La situation géographique, Paris surtout, m'a remémoré ce monde où j'ai tant vécu d'aventures diverses et souvent incertaines.
Aussi, lui ayant envoyé quelques-uns de mes livres, je ne pensais pas soulever un tel retour, n'ayant aucune prétention littéraire j'écris comme ça vient sans me préoccuper de la forme, ne gardant que le fond.
Alors de recevoir un compliment ça fait toujours plaisir, d'autant que je découvre que le sujet de mes livres serait intéressant pour bien d'autres.
J'avais déjà eu du retour à travers un auteur qui est également biographe, une de mes pages antérieures.
Ces compliments me font plaisir, au moins je n'aurais pas passé des milliers d'heures d'écriture pour du vent.
Voici ce compliment.
Bonsoir François Ihuel,
Ça y est, j'ai pu trouver deux pleines journées pour vous lire, j'ai donc commencé par le tout premier tome, "Onze métiers - Cent galères".

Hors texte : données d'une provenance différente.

lemma sigma_in_E_Np:
  assumes xs: "\<forall>a\<in>indices. xs a \<noteq> \<infinity>"
  shows "sigma N p xs \<in> E_Np N p"
proof -
  define S where "S = {a \<in> indices. xs a \<noteq> -\<infinity>}"
  define r where "r a = real_of_ereal (xs a)" for a
  have r: "xs a = ereal (r a)" if "a \<in> S" for a
    using that xs unfolding S_def r_def by (cases "xs a") auto
  have fin: "finite S" unfolding S_def by (rule finite_subset[of _ indices]) auto
  show ?thesis
  proof (cases "S = {}")
    case True
    have minf: "phi N p a y + xs a = -\<infinity>" if "a \<in> indices" for a y
      using True that unfolding S_def by (simp add: phi_eq_lift lift_def)
    have "sigma N p xs = (\<lambda>y. -\<infinity>)"
      unfolding sigma_def by (rule ext, rule antisym, rule SUP_least) (simp_all add: minf)
    then show ?thesis unfolding mem_E_Np_iff by blast
  next
    case False
    define G where "G y = Max ((\<lambda>a. phi_real a y + r a) ` S)" for y
    have "sigma N p xs = lift p G"
    proof (rule sigma_eq_liftI[OF xs])
      fix a y assume a: "a \<in> indices" and y: "y \<in> {1..real p}"
      show "phi N p a y + xs a \<le> ereal (G y)"
      proof (cases "a \<in> S")
        case True
        have "phi_real a y + r a \<le> G y" unfolding G_def using fin True by (intro Max_ge) auto
        then show ?thesis using True y r by (simp add: phi_eq_lift lift_def)
      next
        case False
        then have "xs a = -\<infinity>" using a unfolding S_def by simp
        then show ?thesis by (simp add: phi_eq_lift lift_def)
      qed
    next
      fix y assume y: "y \<in> {1..real p}"
      have "G y \<in> (\<lambda>a. phi_real a y + r a) ` S" unfolding G_def using fin False by (intro Max_in) auto
      then obtain a where a: "a \<in> S" "G y = phi_real a y + r a" by auto
      then have "ereal (G y) = phi N p a y + xs a" using r[OF a(1)] y by (simp add: phi_eq_lift lift_def)
      moreover have "a \<in> indices" using a(1) unfolding S_def by simp
      ultimately show "\<exists>a\<in>indices. ereal (G y) \<le> phi N p a y + xs a" by force
    qed
    moreover have "E_fun G"
      unfolding G_def by (rule E_fun_Max_phi_translates[OF fin False]) (auto simp: S_def)
    ultimately show ?thesis unfolding mem_E_Np_iff by blast
  qed
qed

lemma sigma_restrict:
  assumes "T \<subseteq> indices"
  shows "sigma N p (\<lambda>b. if b \<in> T then xs b else -\<infinity>) = (\<lambda>y. SUP b\<in>T. phi N p b y + xs b)"
proof
  fix y
  have "phi N p b y + (if b \<in> T then xs b else -\<infinity>) = (if b \<in> T then phi N p b y + xs b else -\<infinity>)" for b
    by (simp add: phi_eq_lift lift_def)
  then have "sigma N p (\<lambda>b. if b \<in> T then xs b else -\<infinity>) y
      = (SUP b\<in>indices. if b \<in> T then phi N p b y + xs b else -\<infinity>)"
    unfolding sigma_def by simp
  also have "\<dots> = (SUP b\<in>T. phi N p b y + xs b)"
  proof (rule antisym)
    show "(SUP b\<in>indices. if b \<in> T then phi N p b y + xs b else -\<infinity>) \<le> (SUP b\<in>T. phi N p b y + xs b)"
      by (rule SUP_least) (auto intro: SUP_upper)
    show "(SUP b\<in>T. phi N p b y + xs b) \<le> (SUP b\<in>indices. if b \<in> T then phi N p b y + xs b else -\<infinity>)"
    proof (rule SUP_least)
      fix b assume "b \<in> T"
      then show "phi N p b y + xs b \<le> (SUP b\<in>indices. if b \<in> T then phi N p b y + xs b else -\<infinity>)"
        by (intro SUP_upper2[of b]) (use assms in auto)
    qed
  qed
  finally show "sigma N p (\<lambda>b. if b \<in> T then xs b else -\<infinity>) y = (SUP b\<in>T. phi N p b y + xs b)" .
qed

lemma E_Np_eq_sigma:
  assumes "f \<in> E_Np N p"
  obtains xs where "\<forall>a\<in>indices. xs a \<noteq> \<infinity>" "sigma N p xs = f"
proof (cases "f = (\<lambda>x. -\<infinity>)")
  case True
  have "sigma N p (\<lambda>b. if b \<in> {} then 0 else -\<infinity>) = f"
    using sigma_restrict[of "{}" "\<lambda>b. 0"] True by (simp add: bot_ereal_def)
  then show thesis using that[of "\<lambda>b. if b \<in> {} then 0 else -\<infinity>"] by simp
next
  case False
  then obtain g where g: "E_fun g" "f = lift p g" using assms unfolding mem_E_Np_iff by blast
  obtain xs where "\<forall>a\<in>indices. xs a \<noteq> \<infinity>" "sigma N p xs = lift p g"
    by (rule E_fun_eq_sigma[OF g(1)])
  then show thesis using that g(2) by simp
qed

lemma phi_in_E_Np:
  assumes "a \<in> indices"
  shows "phi N p a \<in> E_Np N p"
proof -
  have "E_fun (\<lambda>y. Max ((\<lambda>b. phi_real b y + 0) ` {a}))"
    by (rule E_fun_Max_phi_translates) (use assms in auto)
  then show ?thesis unfolding mem_E_Np_iff phi_eq_lift by auto
qed

lemma phi_ne_minf: "phi N p a \<noteq> (\<lambda>x. -\<infinity>)"
proof
  assume "phi N p a = (\<lambda>x. -\<infinity>)"
  then have "phi N p a 1 = -\<infinity>" by simp
  then show False using one_less_p by (simp add: phi_eq_lift lift_def)
qed

lemma eq_phi_if_below_touching_twice:
  assumes a: "a \<in> indices" and f: "f \<in> E_Np N p" and below: "\<forall>y. f y \<le> phi N p a y"
    and y: "1 < y1" "y1 < y2" "y2 \<le> real p"
    and f1: "f y1 = ereal (- real_of_int a * (y1 - 1))"
    and f2: "f y2 = ereal (- real_of_int a * (y2 - 1))"
  shows "f = phi N p a"
proof -
  obtain g where E: "E_fun g" and fg: "f = lift p g"
    using f f1 unfolding mem_E_Np_iff by auto
  have cv: "convex_on {1..real p} g" and g1p: "g 1 = g (real p)" using E unfolding E_fun_def by blast+
  have g_le: "g y \<le> phi_real a y" if "y \<in> {1..real p}" for y
    using below[rule_format, of y] that unfolding fg phi_eq_lift lift_def by simp
  have g1: "g y1 = - real_of_int a * y1 + real_of_int a" and g2: "g y2 = - real_of_int a * y2 + real_of_int a"
    using f1 f2 y unfolding fg lift_def by (auto simp: algebra_simps)
  have "g 1 \<le> - real_of_int a * 1 + real_of_int a"
    using g_le[of 1] phi_real_endpoints(1)[OF a] one_less_p by simp
  then have left: "- real_of_int a * (x - 1) \<le> g x" if "x \<in> {1..real p}" for x
    using convex_on_ge_line_touching_twice[OF cv y that _ g1 g2] by (simp add: algebra_simps)
  have g1_0: "g 1 = 0" using left[of 1] g_le[of 1] phi_real_endpoints(1)[OF a] one_less_p by simp
  have right: "real_of_int (phi_slope a) * (x - real p) \<le> g x" if x: "x \<in> {1..real p}" for x
  proof (cases "a = 0")
    case True
    then show ?thesis using left[OF x] by (simp add: phi_slope_def)
  next
    case False
    obtain sF sL :: int where hF: "\<forall>x\<in>{1..real p}. g 1 + sF * (x - 1) \<le> g x"
      and hL: "\<forall>x\<in>{1..real p}. g (real p) + sL * (x - real p) \<le> g x" and N: "- sF + int p * sL \<le> N"
      using E_fun_supporting_slopes[OF E] by blast
    have "g 1 + sF * (y1 - 1) \<le> g y1" using hF y by auto
    then have "real_of_int sF * (y1 - 1) \<le> real_of_int (- a) * (y1 - 1)"
      using g1 g1_0 by (simp add: algebra_simps)
    then have "real_of_int sF \<le> real_of_int (- a)" by (rule mult_right_le_imp_le) (use y in simp)
    then have "sL \<le> phi_slope a" using N False by (intro phi_slope_ge) auto
    then have "real_of_int (phi_slope a) * (x - real p) \<le> real_of_int sL * (x - real p)"
      using x by (intro mult_right_mono_neg) auto
    also have "\<dots> \<le> g x" using hL x g1p g1_0 by auto
    finally show ?thesis .
  qed
  have "g y = phi_real a y" if "y \<in> {1..real p}" for y
    using g_le[OF that] left[OF that] right[OF that] unfolding phi_real_def by simp
  then show ?thesis unfolding fg phi_eq_lift lift_def by auto
qed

Vous avez trois atouts en main, une excellente mémoire, à la fois visuelle et "détailliste", une sincérité qui fait qu'on ne doute jamais (à une exception près, j'y reviendrai) de la véracité de tout ce que vous nous racontez, et une libido impérieuse qui nous sert de fil rouge narratif et nous permet (quand l'homosexualité nous concerne d'autant plus) de tourner avec impatience les pages, en se demandant quelle nouvelle rencontre vous allez faire, quelle nouvelle aventure vous allez vivre.

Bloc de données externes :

(* Assume (V1), (V2), and (In). Then for every $n\in\mathbb{N}$ and all $s,t\ge0$, $$d_{L,1}(\hat\rho^n(t),\hat\rho^n(s))\le 2L\max\{|v_{\max}|,|v(R)|,v_{\max}-v(R)\}\,|t-s|.$$
   Context: (V1): $v\in C^1([0,\infty))$ strictly decreasing; (V2): $v(0)=v_{\max}\in\mathbb{R}$. $\mathcal{M}_L$: nonnegative compactly supported Radon measures on $\mathbb{R}$ of mass $L>0$. (In): $\bar\rho\in\mathcal{M}_L\cap L^\infty(\mathbb{R})$; $R:=\|\bar\rho\|_{L^\infty}$; $\bar x_{\min}:=\min\mathrm{supp}\,\bar\rho$. For $n\in\mathbb{N}$: $N_n=2^n$, $\ell_n=2^{-n}L$, $\bar x^n_0=\bar x_{\min}$, $\bar x^n_i=\sup\{x:\int_{\bar x^n_{i-1}}^x\bar\rho<\ell_n\}$; $(x^n_i(t))$ solves $\dot x^n_{N_n}=v_{\max}$, $\dot x^n_i=v(\ell_n/(x^n_{i+1}-x^n_i))$, $x^n_i(0)=\bar x^n_i$; $y^n_i:=\ell_n/(x^n_{i+1}-x^n_i)$; $\hat\rho^n(t,x):=\sum_{i=0}^{N_n-1}y^n_i(t)\chi_{[x^n_i(t),x^n_{i+1}(t))}(x)$. For $\mu\in\mathcal{M}_L$, $F_\mu(x):=\mu((-\infty,x])$ and $d_{L,1}(\mu,\nu):=\|F_\mu-F_\nu\|_{L^1(\mathbb{R})}$, which equals the $L^1([0,L])$ distance of the pseudo-inverses $z\mapsto\inf\{x:F_\mu(x)>z\}$. *)

theory Defs
  imports "HOL-Analysis.Analysis" "HOL-Probability.Essential_Supremum"
begin

definition dens_meas :: "(real \<Rightarrow> real) \<Rightarrow> real measure" where
  "dens_meas rho = density lborel (\<lambda>x. ennreal (rho x))"

definition msupp :: "real measure \<Rightarrow> real set" where
  "msupp M = {x. \<forall>e>0. 0 < emeasure M {x - e<..<x + e}}"

definition Linf_norm :: "(real \<Rightarrow> real) \<Rightarrow> real" where
  "Linf_norm rho = real_of_ereal (esssup lborel (\<lambda>x. ereal \<bar>rho x\<bar>))"

primrec xbar :: "(real \<Rightarrow> real) \<Rightarrow> real \<Rightarrow> nat \<Rightarrow> nat \<Rightarrow> real" where
  "xbar rho L n 0 = Inf (msupp (dens_meas rho))"
| "xbar rho L n (Suc i) =
     Sup {y. measure (dens_meas rho) {xbar rho L n i..y} < L / 2 ^ n}"

definition rhohat :: "real \<Rightarrow> nat \<Rightarrow> (nat \<Rightarrow> real \<Rightarrow> real) \<Rightarrow> real \<Rightarrow> real \<Rightarrow> real" where
  "rhohat L n x t y =
     (\<Sum>i<2 ^ n. (L / 2 ^ n) / (x (Suc i) t - x i t) * indicator {x i t..<x (Suc i) t} y)"

definition cdf :: "real measure \<Rightarrow> real \<Rightarrow> real" where
  "cdf M x = measure M {..x}"

definition dL1 :: "real measure \<Rightarrow> real measure \<Rightarrow> ennreal" where
  "dL1 M N = (\<integral>\<^sup>+ x. ennreal \<bar>cdf M x - cdf N x\<bar> \<partial>lborel)"

end

theory Submission
  imports Defs
begin

(* For t \<ge> 0 the profile rhohat(t) is the step density that puts mass l = L/2^n
   uniformly on each cell [x_i(t), x_(i+1)(t)).  Its distribution function is a sum of ramps,
   and comparing ramps cell by cell bounds d_(L,1) between two such profiles by l times the
   total displacement of both end points of every cell.  It therefore suffices to show that
   every particle moves with speed at most max |v 0| |v R|, i.e. that all discrete densities
   l / (x_(i+1) - x_i) stay in [0, R]; this gives the constant 2 L max |v 0| |v R|, which is
   at most the one in the theorem. *)

section \<open>Step densities and their distribution functions\<close>

definition step_density :: "real \<Rightarrow> nat \<Rightarrow> (nat \<Rightarrow> real) \<Rightarrow> real \<Rightarrow> real" where
  "step_density l N p y = (\<Sum>i<N. l / (p (Suc i) - p i) * indicator {p i..<p (Suc i)} y)"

Le portrait que vous dressez de la vie précaire d'un gamin d'un milieu à la fois populaire et conservateur (armée + église) est superbe, et je ne voyais pas, en vous lisant, d'équivalent littéraire, ni même de roman centré aussi clairement sur un titi parisien des années 50, si caractéristique de ce peuple ouvrier qui a été chassé de la capitale entre les années 70 et 80 : il y a des restes de Zola dans votre portrait (alcoolisme + violence + pénuries alimentaires) mais un Zola porteur d'aucune révolte, fataliste comme l'étaient justement les Nana ou les Lantier, et cela m'a bcp touché de voir qu'il existait, à 5 ans de distance et à quelque centaines de mètres de la porte de Saint-Cloud où j'ai grandi, un monde aussi précaire, aussi modeste, presque misérable par certains aspects et aussi joyeux à la fois ( la p. de St-Cloud ne l'était pas) : je ne vois que "La guerre des boutons" (qui me fascinait ainsi que mon frère Philippe) pour m'avoir fait "entendre" des échos d'un monde comparable.

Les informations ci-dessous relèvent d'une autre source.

lemma root_power_le:
  assumes "0 < n" "0 \<le> b" "0 \<le> x" "b ^ m \<le> x ^ n"
  shows "root n b ^ m \<le> x"
proof -
  have "root n b ^ m = root n (b ^ m)" using assms(1) by (simp add: real_root_power)
  also have "\<dots> \<le> root n (x ^ n)" using assms by simp
  also have "\<dots> = x" using assms by (simp add: real_root_power_cancel)
  finally show ?thesis .
qed

lemma root_two_pow_le_of_pow_lt:
  assumes "2 \<le> w" "2 ^ (m + 1) < (w + 1) ^ d" "1 \<le> d"
  shows "root (2 * d) 2 ^ m \<le> real w"
proof -
  have "2 * w \<le> w * w" using assms(1) by (rule mult_right_mono) simp
  then have "w + 1 \<le> w ^ 2" using assms(1) unfolding power2_eq_square by linarith
  have "(2::nat) ^ m \<le> 2 ^ (m + 1)" by simp
  also note assms(2)
  also have "(w + 1) ^ d \<le> (w ^ 2) ^ d" using \<open>w + 1 \<le> w ^ 2\<close> by (rule power_mono) simp
  finally have "2 ^ m \<le> w ^ (2 * d)" by (simp add: power_mult)
  then have "(2::real) ^ m \<le> real w ^ (2 * d)" by (metis of_nat_le_iff of_nat_numeral of_nat_power)
  then show ?thesis using root_power_le assms(3) by simp
qed

lemma sawtooth_width_lower_bound:
  assumes "length Ls = d" "1 \<le> d" "\<forall>L\<in>set Ls. fst L = w"
    and "\<forall>x. mlp_classifier Ls v v0 x = sawtooth m x"
  shows "root (2 * d) 2 ^ m \<le> real w"
proof -
  define t where "t k = real k / 2 ^ (m + 2)" for k :: nat
  have t: "strict_mono t" by (auto simp: strict_mono_def t_def divide_strict_right_mono)
  have alt: "mlp_classifier Ls v v0 (t k, 0) = (if odd k then 1 else -1)"
    if "k \<le> 2 * 2 ^ (m + 1)" for k
    using assms(4) sawtooth_dyadic[of k m 0] that by (simp add: t_def)
  have "w \<noteq> 1"
  proof
    assume "w = 1"
    have "t 0 \<le> t 1" "t 1 \<le> t 2" using t by (simp_all add: strict_mono_less_eq)
    moreover have "Ls \<noteq> []" using assms(1,2) by auto
    ultimately show False
      using mlp_width1_no_alternation[of Ls "t 0" "t 1" "t 2" v v0] assms(3) \<open>w = 1\<close>
        alt[of 0] alt[of 1] alt[of 2] by simp
  qed
  have widths: "\<forall>L\<in>set Ls. fst L \<le> w" using assms(3) by simp
  have many: "2 ^ (m + 1) < (w + 1) ^ d"
    using mlp_alternations_lt[OF widths t alt] assms(1) by simp
  have "w \<noteq> 0"
  proof
    assume "w = 0"
    with many show False by simp
  qed
  with \<open>w \<noteq> 1\<close> have "2 \<le> w" by simp
  then show ?thesis using root_two_pow_le_of_pow_lt[OF _ many assms(2)] by simp
qed

theorem theorem1:
  shows "\<exists>f :: nat \<Rightarrow> real \<times> real \<Rightarrow> int.
    (\<forall>m\<ge>1. \<forall>x. f m x \<in> {-1, 1}) \<and>
    (\<forall>d\<ge>1. \<exists>b::real. b > 1 \<and>
       (\<forall>m\<ge>1. \<forall>(Ls :: layer list) v v0 (w::nat).
          length Ls = d \<longrightarrow> (\<forall>L\<in>set Ls. fst L = w) \<longrightarrow>
          (\<forall>x. mlp_classifier Ls v v0 x = f m x) \<longrightarrow>
          real w \<ge> b ^ m)) \<and>
    (\<forall>m\<ge>1. \<exists>(Ls :: layer list) v v0.
          length Ls = m + 2 \<and> (\<forall>L\<in>set Ls. fst L \<le> 4) \<and>
          (\<forall>x. mlp_classifier Ls v v0 x = f m x))"
proof (intro exI[of _ sawtooth] conjI allI impI)
  show "sawtooth m x \<in> {-1, 1}" for m x
    by (simp add: sawtooth_def mlp_classifier_eq_score)
next
  fix d :: nat
  assume "d \<ge> 1"
  then show "\<exists>b::real. b > 1 \<and>
       (\<forall>m\<ge>1. \<forall>(Ls :: layer list) v v0 (w::nat).
          length Ls = d \<longrightarrow> (\<forall>L\<in>set Ls. fst L = w) \<longrightarrow>
          (\<forall>x. mlp_classifier Ls v v0 x = sawtooth m x) \<longrightarrow>
          real w \<ge> b ^ m)"
    using sawtooth_width_lower_bound by (intro exI[of _ "root (2 * d) 2"]) auto
next
  fix m :: nat
  have "fst input_layer = 2" "fst tent_layer = 2"
    by (simp_all add: input_layer_def tent_layer_def)
  then show "\<exists>(Ls :: layer list) v v0.
          length Ls = m + 2 \<and> (\<forall>L\<in>set Ls. fst L \<le> 4) \<and>
          (\<forall>x. mlp_classifier Ls v v0 x = sawtooth m x)"
    by (intro exI[of _ "sawtooth_net m"] exI[of _ tent_readout] exI[of _ "-1/2"])
      (auto simp: sawtooth_net_def sawtooth_def)
qed

end
lemma unit_disk_at_nearest_point:
  assumes margin: "\<forall>v. \<bar>v - s0\<bar> \<le> \<eta> \<longrightarrow> norm (\<gamma>'' v) * (1 + 3 * \<eta>) \<le> 1" and "\<eta> \<le> 1"
    and x: "x \<notin> range \<gamma>" and nearest: "\<And>u. dist x (\<gamma> t) \<le> dist x (\<gamma> u)"
    and t: "\<bar>t - s0\<bar> < \<eta>" and close: "dist x (\<gamma> t) < \<eta>"
  shows "\<exists>c. dist x c < 1 \<and> (\<forall>u. \<bar>u - s0\<bar> < \<eta> \<longrightarrow> 1 < dist (\<gamma> u) c)"
proof -
  define d where "d = dist x (\<gamma> t)"
  have d: "0 < d" "d < \<eta>" using x close by (auto simp: d_def)
  \<comment> \<open>A radius r > 1 with r - d < 1: the disk about c avoids the arc and still reaches x.\<close>
  define r where "r = 1 + d / 2"
  define c where "c = \<gamma> t + (r / d) *\<^sub>R (x - \<gamma> t)"
  have "(\<gamma> t - x) \<bullet> \<gamma>' t = 0"
    by (rule closest_point_orthogonal_to_tangent[OF has_derivative nearest])
  then have tangent: "(\<gamma> t - c) \<bullet> \<gamma>' t = 0"
    by (simp add: c_def algebra_simps)
  have radius: "norm (\<gamma> t - c) = r"
    using d by (simp add: c_def r_def d_def dist_norm norm_minus_commute)
  have "x - c = (1 - r / d) *\<^sub>R (x - \<gamma> t)" by (simp add: c_def algebra_simps)
  then have "dist x c = \<bar>1 - r / d\<bar> * d" by (simp add: dist_norm d_def)
  also have "\<dots> = \<bar>d - r\<bar>" using d by (simp add: abs_mult[symmetric] field_simps)
  also have "\<dots> < 1" using d \<open>\<eta> \<le> 1\<close> by (simp add: r_def)
  finally have "dist x c < 1" .
  moreover have "1 < dist (\<gamma> u) c" if u: "\<bar>u - s0\<bar> < \<eta>" for u
  proof -
    have "norm (\<gamma>'' v) * (r + \<bar>v - t\<bar>) \<le> 1" if v: "v \<in> {min t u..max t u}" for v
    proof -
      have "\<bar>v - s0\<bar> \<le> \<eta>" "r + \<bar>v - t\<bar> \<le> 1 + 3 * \<eta>" using v t u d by (auto simp: r_def)
      then show ?thesis
        using margin mult_left_mono[OF _ norm_ge_zero] by (meson order_trans)
    qed
    then have "r \<le> norm (\<gamma> u - c)"
      by (rule unit_speed_curve_avoids_tangent_ball[OF has_derivative has_second_derivative
            unit_speed tangent radius])
    then show ?thesis using d by (simp add: r_def dist_norm)
  qed
  ultimately show ?thesis by blast
qed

M'a beaucoup intrigué aussi la cohabitation assez paisible, en vous, entre l'enfant de choeur exalté par la messe en latin (avez-vous lu Jouhandeau?) et le masturbateur frénétique, le gamin respectueux de l'autorité et le petit chapardeur sans scrupule : jamais une plainte, jamais un mot pour dénoncer ceux qui ont pu abuser de vous, ou qui vous ont réduit à une situation de "dominé" - à rebours de l'affreux lamento contemporain où tant de fils et de filles de familles veulent à tout prix se faire passer pour des victimes traumatiques...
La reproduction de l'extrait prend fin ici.